Я потер виски. Все шло к чертям. Ну при чем тут волнения? Мне тоже нельзя волноваться, да никому нельзя. Ну просто смешно!
— Я большой почитатель вашего отца, его картины изменили… мой взгляд на мир.
— Но это же не так, — сказал Каминский.
Я покрылся испариной. Конечно, это было не так, но я еще никогда не встречал художника, который не поверил бы этой лжи.
— Клянусь вам! — я прижал руку к груди, вспомнил, что этот жест не может произвести на него впечатления, и поспешно ее убрал.
— Более преданного поклонника, чем Себастьян Цёльнер, у вас нет.
— Чем кто?
— Чем я.
— Ах да. — Он вскинул голову и снова опустил, на какую-то секунду у меня возникло ощущение, будто он на меня посмотрел.
— Мы рады, что эту работу доверили именно вам, — сказала Мириам, — предложений было много, но…
— Не так уж много, — перебил ее Каминский.
— Ваш издатель очень рекомендовал вас. Он о вас весьма высокого мнения, — добавила Мириам.
Трудно было в это поверить. Я только однажды встречался с Кнутом Мегельбахом у него в офисе. Он метался по своему кабинету, одной рукой брал книги с полок и снова заталкивал назад, другой играл мелочью в кармане штанов. Я вдохновенно лгал о предстоящем Ренессансе Каминского: будут появляться новые диссертации, парижский Центр имени Помпиду подготовит специальную выставку, а историческая ценность его воспоминаний? Нельзя забывать, с кем он был знаком, ведь его учил живописи Матисс, он дружил с Пикассо, его воспитывал Рихард Риминг, великий поэт. Я хорошо знаком, собственно говоря, даже дружен с Каминским, нет никаких сомнений, что он будет говорить со мной откровенно. Недостает лишь самой малости, чтобы он стал предметом всеобщего интереса, о нем будут писать в иллюстрированных журналах, цены на его картины поднимутся, а его биография точно будет бестселлером.

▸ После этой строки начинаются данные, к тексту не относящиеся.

lemma natural_hcomp:
  assumes F: "endofunctor F Fm" and G: "endofunctor G Gm"
    and F': "endofunctor F' Fm'" and G': "endofunctor G' Gm'"
    and \<phi>: "natural F Fm G Gm \<phi>" and \<psi>: "natural F' Fm' G' Gm' \<psi>"
  shows "natural (F \<circ> F') (Fm \<circ> Fm') (G \<circ> G') (Gm \<circ> Gm') (hcomp Gm F' \<phi> \<psi>)"
  unfolding natural_def
proof (intro conjI ballI)
  fix X assume "X \<in> Ob"
  then show "hcomp Gm F' \<phi> \<psi> X \<in> Hom ((F \<circ> F') X) ((G \<circ> G') X)"
    unfolding hcomp_def o_def
    by (meson comp_hom endofunctor_ob endofunctor_hom natural_hom F G F' G' \<phi> \<psi>)
next
  fix X X' \<xi> assume X: "X \<in> Ob" "X' \<in> Ob" and \<xi>: "\<xi> \<in> Hom X' X"
  have ob: "F' X \<in> Ob" "F' X' \<in> Ob" "G' X \<in> Ob" "G' X' \<in> Ob"
    "F (F' X) \<in> Ob" "F (F' X') \<in> Ob" "G (F' X) \<in> Ob" "G (F' X') \<in> Ob"
    "G (G' X) \<in> Ob" "G (G' X') \<in> Ob"
    using X F G F' G' by (blast intro: endofunctor_ob)+
  have hom: "\<psi> X \<in> Hom (F' X) (G' X)" "\<psi> X' \<in> Hom (F' X') (G' X')"
    "Fm' \<xi> \<in> Hom (F' X') (F' X)" "Gm' \<xi> \<in> Hom (G' X') (G' X)"
    "\<phi> (F' X) \<in> Hom (F (F' X)) (G (F' X))" "\<phi> (F' X') \<in> Hom (F (F' X')) (G (F' X'))"
    "Fm (Fm' \<xi>) \<in> Hom (F (F' X')) (F (F' X))" "Gm (Fm' \<xi>) \<in> Hom (G (F' X')) (G (F' X))"
    "Gm (\<psi> X) \<in> Hom (G (F' X)) (G (G' X))" "Gm (\<psi> X') \<in> Hom (G (F' X')) (G (G' X'))"
    "Gm (Gm' \<xi>) \<in> Hom (G (G' X')) (G (G' X))"
    using X \<xi> ob F G F' G' \<phi> \<psi> by (blast intro: natural_hom endofunctor_hom)+
  have "cmp (hcomp Gm F' \<phi> \<psi> X) (Fm (Fm' \<xi>)) = cmp (Gm (\<psi> X)) (cmp (\<phi> (F' X)) (Fm (Fm' \<xi>)))"
    using ob hom by (simp add: hcomp_def comp_assoc)
  also have "\<dots> = cmp (Gm (\<psi> X)) (cmp (Gm (Fm' \<xi>)) (\<phi> (F' X')))"
    using ob hom \<phi> by (simp add: natural_commute)
  also have "\<dots> = cmp (Gm (cmp (\<psi> X) (Fm' \<xi>))) (\<phi> (F' X'))"
    using ob hom G by (simp add: comp_assoc endofunctor_comp)
  also have "\<dots> = cmp (Gm (cmp (Gm' \<xi>) (\<psi> X'))) (\<phi> (F' X'))"
    using X \<xi> \<psi> by (simp add: natural_commute)
  also have "\<dots> = cmp (Gm (Gm' \<xi>)) (hcomp Gm F' \<phi> \<psi> X')"
    using ob hom G by (simp add: hcomp_def comp_assoc endofunctor_comp)
  finally show "cmp (hcomp Gm F' \<phi> \<psi> X) ((Fm \<circ> Fm') \<xi>)
      = cmp ((Gm \<circ> Gm') \<xi>) (hcomp Gm F' \<phi> \<psi> X')"
    by simp
qed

— И что же это? — спросил Мегельбах. — Чего не хватает?
— Конечно, пусть сначала умрет.
Какое-то время Мегельбах ходил туда-сюда и размышлял. Потом он остановился, с улыбкой посмотрел на меня и кивнул.
Я ответил Мириам:
— Весьма польщен. Кнут — мой старый друг.
— Так как, вы сказали, вас зовут? — спросил Каминский.
— Мы должны еще кое о чем договориться, — вставила Мириам. — Услуга…
Ее прервал звонок моего мобильного телефона. Я вытащил его из кармана штанов, увидел номер абонента и отключил.
— Что это было? — спросил Каминский.
— Услуга за услугу: будьте любезны показывать нам все, что собираетесь публиковать. Вы согласны?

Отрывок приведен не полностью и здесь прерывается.